Since 2005, the Boycott, Divestment and Sanctions movement – founded by Israel’s enemies – has latched onto this Big Lie and motivated many boycotts against Israel, from using often intimidatory tactics against prominent people visiting, or artists performing in Israel, to academic boycotts and more.

BDS denies being anti-Semitic and claims to be pro-Palestinian, but this rings hollow in view of its total silence on Palestinians persecuted and killed elsewhere in the Middle East (thousands killed in the Syrian civil war alone) and its leaders openly advocating the destruction of the State of Israel.

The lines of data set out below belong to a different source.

(* Let $X$ be a compact metric space with metric $d$, let $0<L<1$, and let $f\colon X\to X$ be a continuous map with the $L$-Lipschitz shadowing property. Then the set $\mathcal{C}(f)$ of chain components of $f$ is finite, and for every $C\in\mathcal{C}(f)$, the restriction $f|_C\colon C\to C$ (with the restricted metric) has the $L$-Lipschitz shadowing property.
   Context: For a continuous map $g\colon Y\to Y$ on a metric space $(Y,d)$ and $\delta>0$, a sequence $(x_i)_{i\ge0}$ in $Y$ is a $\delta$-pseudo orbit of $g$ if $d(g(x_i),x_{i+1})\le\delta$ for all $i\ge0$; it is $\epsilon$-shadowed by $y$ if $d(g^i(y),x_i)\le\epsilon$ for all $i\ge0$. $g$ has the $L$-Lipschitz shadowing property if there is $\delta_0>0$ such that for every $0<\delta\le\delta_0$, every $\delta$-pseudo orbit of $g$ is $L\delta$-shadowed by some point of $Y$. A $\delta$-chain of $f$ is a finite sequence $(x_i)_{i=0}^k$, $k\ge1$, with $d(f(x_i),x_{i+1})\le\delta$ for $0\le i\le k-1$. Write $x\to y$ if for every $\delta>0$ there is a $\delta$-chain from $x$ to $y$ (i.e. $x_0=x$, $x_k=y$). $CR(f)=\{x\in X: x\to x\}$. On $CR(f)$ define $x\leftrightarrow y$ iff $x\to y$ and $y\to x$; this is an equivalence relation, and its equivalence classes are the chain components of $f$; $\mathcal{C}(f)$ denotes the set of chain components. Each chain component is a closed $f$-invariant subset. *)

theory Defs
  imports "HOL-Analysis.Analysis"
begin

text \<open>The ambient compact metric space is a set X in a metric_space type, with the
restricted metric dist. All notions are relativised to a carrier set Y.\<close>

definition pseudo_orbit :: "'a::metric_space set \<Rightarrow> ('a \<Rightarrow> 'a) \<Rightarrow> real \<Rightarrow> (nat \<Rightarrow> 'a) \<Rightarrow> bool" where
  "pseudo_orbit Y g \<delta> xs \<longleftrightarrow> (\<forall>i. xs i \<in> Y) \<and> (\<forall>i. dist (g (xs i)) (xs (Suc i)) \<le> \<delta>)"

definition shadows :: "('a::metric_space \<Rightarrow> 'a) \<Rightarrow> real \<Rightarrow> 'a \<Rightarrow> (nat \<Rightarrow> 'a) \<Rightarrow> bool" where
  "shadows g \<epsilon> y xs \<longleftrightarrow> (\<forall>i. dist ((g ^^ i) y) (xs i) \<le> \<epsilon>)"

definition lipschitz_shadowing :: "'a::metric_space set \<Rightarrow> ('a \<Rightarrow> 'a) \<Rightarrow> real \<Rightarrow> bool" where
  "lipschitz_shadowing Y g L \<longleftrightarrow>
     (\<exists>\<delta>0>0. \<forall>\<delta>. 0 < \<delta> \<and> \<delta> \<le> \<delta>0 \<longrightarrow>
        (\<forall>xs. pseudo_orbit Y g \<delta> xs \<longrightarrow> (\<exists>y\<in>Y. shadows g (L * \<delta>) y xs)))"

definition delta_chain :: "'a::metric_space set \<Rightarrow> ('a \<Rightarrow> 'a) \<Rightarrow> real \<Rightarrow> 'a \<Rightarrow> 'a \<Rightarrow> bool" where
  "delta_chain X f \<delta> x y \<longleftrightarrow>
     (\<exists>k::nat. \<exists>xs. k \<ge> 1 \<and> xs 0 = x \<and> xs k = y \<and> (\<forall>i\<le>k. xs i \<in> X) \<and>
        (\<forall>i<k. dist (f (xs i)) (xs (Suc i)) \<le> \<delta>))"

definition chain_rel :: "'a::metric_space set \<Rightarrow> ('a \<Rightarrow> 'a) \<Rightarrow> 'a \<Rightarrow> 'a \<Rightarrow> bool" where
  "chain_rel X f x y \<longleftrightarrow> (\<forall>\<delta>>0. delta_chain X f \<delta> x y)"

definition chain_recurrent :: "'a::metric_space set \<Rightarrow> ('a \<Rightarrow> 'a) \<Rightarrow> 'a set" where
  "chain_recurrent X f = {x \<in> X. chain_rel X f x x}"

definition chain_components :: "'a::metric_space set \<Rightarrow> ('a \<Rightarrow> 'a) \<Rightarrow> 'a set set" where
  "chain_components X f =
     {C. \<exists>x\<in>chain_recurrent X f.
           C = {y \<in> chain_recurrent X f. chain_rel X f x y \<and> chain_rel X f y x}}"

end

theory Submission
  imports Defs
begin

text \<open>
  Let \<open>\<delta>\<^sub>0\<close> be the scale of the Lipschitz shadowing.  Shadowing a chain whose beginning is a
  genuine orbit segment, or a short loop at a chain recurrent point, and replacing the rest of the
  chain by the orbit of the shadowing point keeps both end points and multiplies the errors of the
  tail by L.  As L < 1, iterating this refines every \<open>\<delta>\<^sub>0\<close>-chain starting at a chain recurrent
  point x into arbitrarily fine chains, so x \<rightarrow> y whenever \<open>dist x y < \<delta>\<^sub>0\<close>.  Hence distinct chain
  components are \<open>\<delta>\<^sub>0\<close>-apart, and compactness leaves only finitely many.  If z shadows a
  pseudo orbit \<open>x\<^sub>i\<close> inside a component C, refining the chains \<open>z, f z, \<dots>, f\<^sup>J z, x\<^sub>J\<^sub>+\<^sub>1\<close> gives
  z \<rightarrow> C, while \<open>dist x\<^sub>0 z \<le> L \<delta> < \<delta>\<^sub>0\<close> gives \<open>x\<^sub>0\<close> \<rightarrow> z; so z lies in C.
\<close>

abbreviation jump :: "('a::metric_space \<Rightarrow> 'a) \<Rightarrow> (nat \<Rightarrow> 'a) \<Rightarrow> nat \<Rightarrow> real" where
  "jump f r i \<equiv> dist (f (r i)) (r (Suc i))"

lemma funpow_mem_invariant:
  assumes "f ` X \<subseteq> X" "x \<in> X"
  shows "(f ^^ n) x \<in> X"
  using assms by (induction n) auto

lemma exists_pow_mult_le:
  fixes c a \<eta> :: real
  assumes "c < 1" "0 < a" "0 < \<eta>"
  shows "\<exists>n. c ^ n * a \<le> \<eta>"
proof -
  obtain n where "c ^ n < \<eta> / a"
    using real_arch_pow_inv assms by (meson divide_pos_pos)
  then show ?thesis
    using assms(2) by (auto simp: pos_less_divide_eq intro: less_imp_le)
qed

lemma finite_separated_family:
  fixes S :: "'a::metric_space set"
  assumes "compact S" "0 < e"
    and "\<And>C. C \<in> \<C> \<Longrightarrow> C \<noteq> {} \<and> C \<subseteq> S"
    and "\<And>C D x y. C \<in> \<C> \<Longrightarrow> D \<in> \<C> \<Longrightarrow> x \<in> C \<Longrightarrow> y \<in> D \<Longrightarrow> dist x y < e \<Longrightarrow> C = D"
  shows "finite \<C>"
proof -
  obtain K where "finite K" and K: "S \<subseteq> (\<Union>k\<in>K. ball k (e / 2))"
    using seq_compact_imp_totally_bounded[OF compact_imp_seq_compact[OF assms(1)]] assms(2)
    by (meson half_gt_zero)
  define pick where "pick k = (SOME C. C \<in> \<C> \<and> C \<inter> ball k (e / 2) \<noteq> {})" for k
  have "\<C> \<subseteq> pick ` K"
  proof
    fix C assume "C \<in> \<C>"
    then obtain x where "x \<in> C" "x \<in> S" using assms(3) by blast
    then obtain k where "k \<in> K" and xk: "x \<in> C \<inter> ball k (e / 2)" using K by blast
    then have "\<exists>D. D \<in> \<C> \<and> D \<inter> ball k (e / 2) \<noteq> {}" using \<open>C \<in> \<C>\<close> by blast
    then have "pick k \<in> \<C> \<and> pick k \<inter> ball k (e / 2) \<noteq> {}"
      unfolding pick_def by (rule someI_ex)
    then obtain y where "pick k \<in> \<C>" "y \<in> pick k" "dist k y < e / 2" by auto
    moreover have "dist x y < e"
      using xk \<open>dist k y < e / 2\<close> dist_triangle[of x y k] by (simp add: dist_commute)
    ultimately have "C = pick k" using assms(4)[of C "pick k" x y] \<open>C \<in> \<C>\<close> xk by blast
    then show "C \<in> pick ` K" using \<open>k \<in> K\<close> by blast
  qed
  then show ?thesis using \<open>finite K\<close> finite_surj by blast
qed

lemma delta_chainI:
  assumes "1 \<le> k" "r 0 = x" "r k = y" "\<forall>i\<le>k. r i \<in> X" "\<forall>i<k. jump f r i \<le> \<delta>"
  shows "delta_chain X f \<delta> x y"
  using assms unfolding delta_chain_def by blast

lemma delta_chainE:
  assumes "delta_chain X f \<delta> x y"
  obtains k r where "1 \<le> k" "r 0 = x" "r k = y" "\<forall>i\<le>k. r i \<in> X" "\<forall>i<k. jump f r i \<le> \<delta>"
  using assms unfolding delta_chain_def by blast

lemma delta_chain_mono:
  assumes "delta_chain X f \<delta> x y" "\<delta> \<le> \<epsilon>"
  shows "delta_chain X f \<epsilon> x y"
  using assms(1)
proof (rule delta_chainE)
  fix k r assume r: "1 \<le> k" "r 0 = x" "r k = y" "\<forall>i\<le>k. r i \<in> X" "\<forall>i<k. jump f r i \<le> \<delta>"
  then have "\<forall>i<k. jump f r i \<le> \<epsilon>" using assms(2) by fastforce
  with r show ?thesis by (intro delta_chainI[of k r]) auto
qed

lemma delta_chain_append:
  assumes "delta_chain X f \<delta> x y" "delta_chain X f \<epsilon> y z"
  obtains m n r where "0 < m" "m < n" "r 0 = x" "r n = z" "\<forall>i\<le>n. r i \<in> X"
    "\<forall>i<n. jump f r i \<le> (if i < m then \<delta> else \<epsilon>)"
proof -
  obtain m p where p: "1 \<le> m" "p 0 = x" "p m = y" "\<forall>i\<le>m. p i \<in> X" "\<forall>i<m. jump f p i \<le> \<delta>"
    using assms(1) by (rule delta_chainE)
  obtain k q where q: "1 \<le> k" "q 0 = y" "q k = z" "\<forall>i\<le>k. q i \<in> X" "\<forall>i<k. jump f q i \<le> \<epsilon>"
    using assms(2) by (rule delta_chainE)
  define r where "r i = (if i \<le> m then p i else q (i - m))" for i
  have "jump f r i \<le> (if i < m then \<delta> else \<epsilon>)" if "i < m + k" for i
  proof (cases "i < m")
    case True
    then show ?thesis using p by (simp add: r_def)
  next
    case False
    then have "Suc i - m = Suc (i - m)" "i - m < k" using that by auto
    then show ?thesis using p q False by (cases "i = m") (auto simp: r_def)
  qed
  moreover have "r 0 = x" "r (m + k) = z" "\<forall>i\<le>m + k. r i \<in> X"
    using p q by (auto simp: r_def)
  ultimately show ?thesis using p(1) q(1) by (intro that[of m "m + k" r]) auto
qed

lemma delta_chain_trans:
  assumes "delta_chain X f \<delta> x y" "delta_chain X f \<delta> y z"
  shows "delta_chain X f \<delta> x z"
  using assms
proof (rule delta_chain_append)
  fix m n r assume "0 < m" "m < n" "r 0 = x" "r n = z" "\<forall>i\<le>n. r i \<in> X"
    "\<forall>i<n. jump f r i \<le> (if i < m then \<delta> else \<delta>)"
  then show ?thesis by (intro delta_chainI[of n r]) auto
qed

lemma delta_chain_move_target:
  assumes "delta_chain X f \<delta> x y" "z \<in> X"
  shows "delta_chain X f (\<delta> + dist y z) x z"
  using assms(1)
proof (rule delta_chainE)
  fix k r assume r: "1 \<le> k" "r 0 = x" "r k = y" "\<forall>i\<le>k. r i \<in> X" "\<forall>i<k. jump f r i \<le> \<delta>"
  have "jump f (r(k := z)) i \<le> \<delta> + dist y z" if "i < k" for i
  proof (cases "Suc i = k")
    case True
    then show ?thesis
      using r(3,5) that dist_triangle[of "f (r i)" z y] by (auto simp: dist_commute)
  next
    case False
    then show ?thesis using r(5) that by (simp add: add_increasing2)
  qed
  then show ?thesis using r assms(2) by (intro delta_chainI[of k "r(k := z)"]) auto
qed

lemma chain_rel_trans:
  "chain_rel X f x y \<Longrightarrow> chain_rel X f y z \<Longrightarrow> chain_rel X f x z"
  unfolding chain_rel_def using delta_chain_trans by blast

lemma chain_component_eq:
  assumes "C \<in> chain_components X f" "x \<in> C"
  shows "C = {y \<in> chain_recurrent X f. chain_rel X f x y \<and> chain_rel X f y x}"
proof -
  obtain a where C: "C = {y \<in> chain_recurrent X f. chain_rel X f a y \<and> chain_rel X f y a}"
    using assms(1) unfolding chain_components_def by blast
  with assms(2) have "chain_rel X f a x" "chain_rel X f x a" by auto
  then show ?thesis unfolding C by (blast intro: chain_rel_trans)
qed

lemma chain_component_subset:
  "C \<in> chain_components X f \<Longrightarrow> C \<subseteq> X"
  unfolding chain_components_def chain_recurrent_def by blast

lemma chain_component_nonempty:
  "C \<in> chain_components X f \<Longrightarrow> C \<noteq> {}"
  unfolding chain_components_def chain_recurrent_def by blast

lemma chain_component_chain_rel:
  "C \<in> chain_components X f \<Longrightarrow> x \<in> C \<Longrightarrow> y \<in> C \<Longrightarrow> chain_rel X f x y"
  using chain_component_eq by blast

lemma chain_component_memI:
  assumes "C \<in> chain_components X f" "x \<in> C" "y \<in> X" "chain_rel X f x y" "chain_rel X f y x"
  shows "y \<in> C"
proof -
  have "chain_rel X f y y" using assms(5,4) by (rule chain_rel_trans)
  then show ?thesis
    using assms chain_component_eq[OF assms(1,2)] unfolding chain_recurrent_def by blast
qed

locale lipschitz_shadowing_system =
  fixes X :: "'a::metric_space set" and f :: "'a \<Rightarrow> 'a" and L \<delta>0 :: real
  assumes maps_into: "f ` X \<subseteq> X"
    and L_pos: "0 < L" and L_less_1: "L < 1" and \<delta>0_pos: "0 < \<delta>0"
    and shadowing: "\<And>\<delta> xs. 0 < \<delta> \<Longrightarrow> \<delta> \<le> \<delta>0 \<Longrightarrow> pseudo_orbit X f \<delta> xs \<Longrightarrow>
      \<exists>y\<in>X. shadows f (L * \<delta>) y xs"
begin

This call for the end of the Jewish state is part of the new anti-Semitism. The old anti-Semitism denied Jews rights as individuals. In its newest incarnation, Jew hatred denies the right of the Jewish State to exist among the family of nations and of Jews to have a state like any other people.

All this has also led to open old-fashioned Jew hatred again emerging in recent years on the streets of Europe and even in South Africa, with one local BDS leader singing “Shoot the Jew” at a demonstration and a pig’s head being placed in what the perpetrators believed was the kosher section of a shop.  

Jews are feeling unsafe in several European countries. There have been fatal attacks on Jews in countries such as France and Denmark, apart from open expressions of anti-Jewish views in demonstrations and even in public discourse.

The letter and spirit – and hatred – of the 1975 Big Lie live on in full force. While repetition of the falsehood may get it believed, the truth is that Zionism is not a dirty word. It is no more than the Jewish national liberation movement for the right of self-determination, like other peoples, in their ancestral ‎homeland.

  • Michael Belling was a foreign correspondent in Israel and is a freelance journalist and a former Israeli advocate.